We live in volatile times. 2023 looks to be the hottest year on record. Historic droughts and “100-year” floods are almost commonplace, threatening global food supplies. The Russian blockade and destruction of Ukrainian ports are keeping vast quantities of grain, scheduled for developing countries in Africa, off the market. Driven by food insecurity and political instability, poorer populations are on the move. This is creating a nationalistic backlash in the developing world.

At the same time, the war in Ukraine could escalate further, involve more of Europe and run the risk of going nuclear, especially if Ukraine sees major gains on the battlefield or markedly increases their attacks on Russia. At over 550 days old, the war shows no sign of ending soon. Markets are ignoring the war for now, but any escalation involving NATO directly could change this in a hurry.

Here in the US, political dysfunction threatens the Covid recovery as Congress moves from the threat of one government shutdown to another. Bond-rating agency Fitch downgraded sovereign American debt in August – the first time since S&P did it in response to a similar threat in 2011. We expect American political dysfunction to grow worse as the presidential primary season kicks into gear, especially given the indictments looming over leading Republican candidate Donald Trump.

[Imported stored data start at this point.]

(* Fix two disjoint sets of vertices $S_1,S_2\subseteq V_n$. Let $T$ be a uniformly random spanning tree of $K_n$. Then the random graphs $H_1 = \left(S_1, E(T)\cap \binom{S_1}{2}\right)$ and $H_2 = \left(S_2, E(T)\cap \binom{S_2}{2}\right)$ are independent.
   Context: $K_n$ is the complete graph on vertex set $V_n=\{v_1,\dots,v_n\}$; $\binom{S}{2}$ denotes the set of 2-element subsets of $S$. *)

theory Defs
  imports "HOL-Probability.Probability"
begin

definition Vn :: "nat \<Rightarrow> nat set" where
  "Vn n = {1..n}"

definition pairs :: "'a set \<Rightarrow> 'a set set" where
  "pairs S = {e. \<exists>u v. u \<in> S \<and> v \<in> S \<and> u \<noteq> v \<and> e = {u, v}}"

definition reach :: "'a set set \<Rightarrow> 'a \<Rightarrow> 'a \<Rightarrow> bool" where
  "reach E = (\<lambda>u v. {u, v} \<in> E)\<^sup>*\<^sup>*"

text \<open>E is (the edge set of) a spanning tree of the complete graph on V:
  a subgraph that is connected on V and acyclic (no edge lies on a cycle,
  i.e. removing any edge disconnects its endpoints).\<close>
definition is_spanning_tree :: "'a set \<Rightarrow> 'a set set \<Rightarrow> bool" where
  "is_spanning_tree V E \<longleftrightarrow>
     E \<subseteq> pairs V \<and>
     (\<forall>u\<in>V. \<forall>v\<in>V. reach E u v) \<and>
     (\<forall>e\<in>E. \<forall>u v. e = {u, v} \<longrightarrow> \<not> reach (E - {e}) u v)"

definition spanning_trees :: "nat \<Rightarrow> nat set set set" where
  "spanning_trees n = {E. is_spanning_tree (Vn n) E}"

definition UST :: "nat \<Rightarrow> nat set set pmf" where
  "UST n = pmf_of_set (spanning_trees n)"

end

theory Submission
  imports Defs
begin

text \<open>
  Root each spanning tree of K_n at one of its n vertices. A rooted spanning tree containing
  an edge set F induces an orientation of F towards the root, i.e. a rooted forest whose edges
  are F, and it is a rooted tree extending that forest. A rooted forest with k + 1 roots on
  n vertices has exactly n^k tree extensions (a generalised Cayley formula), so
  n \<cdot> #{T. F \<subseteq> T} = #orientations(F) \<cdot> n^(n - |F| - 1).
  If A and B are edge sets on disjoint vertex sets, the orientations of A \<union> B are exactly the
  pairs of orientations of A and of B, and the powers of n cancel: P(A \<union> B \<subseteq> T) =
  P(A \<subseteq> T) \<cdot> P(B \<subseteq> T). These containment events form \<inter>-stable generators of the
  \<sigma>-algebras generated by H_1 and H_2, so H_1 and H_2 are independent.
\<close>

section \<open>Parent forests and their tree extensions\<close>

definition parent_rel :: "('a \<rightharpoonup> 'a) \<Rightarrow> ('a \<times> 'a) set" where
  "parent_rel p = {(y, x). p x = Some y}"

Commercial Real Estate Could Be a Big Problem

A changing climate, a World War I-like shooting war in the heart of Europe, and political dysfunction in the world’s largest economy are just three of the things that threaten the post-Covid recovery. Perhaps the greatest risk is the Federal Reserve itself. Despite big progress – squashing inflation from a high of 9 percent to 3 percent in less than a year — the Fed seems determined to continue raising rates until something breaks.

Stocks have performed surprisingly well, appearing to price out the risk of a recession. But the Fed seems determined to create one anyway. Trouble is brewing in commercial real estate. The work-at-home movement crushed the office space sector during Covid. The consequences are still felt as rates reset and collateral value drops.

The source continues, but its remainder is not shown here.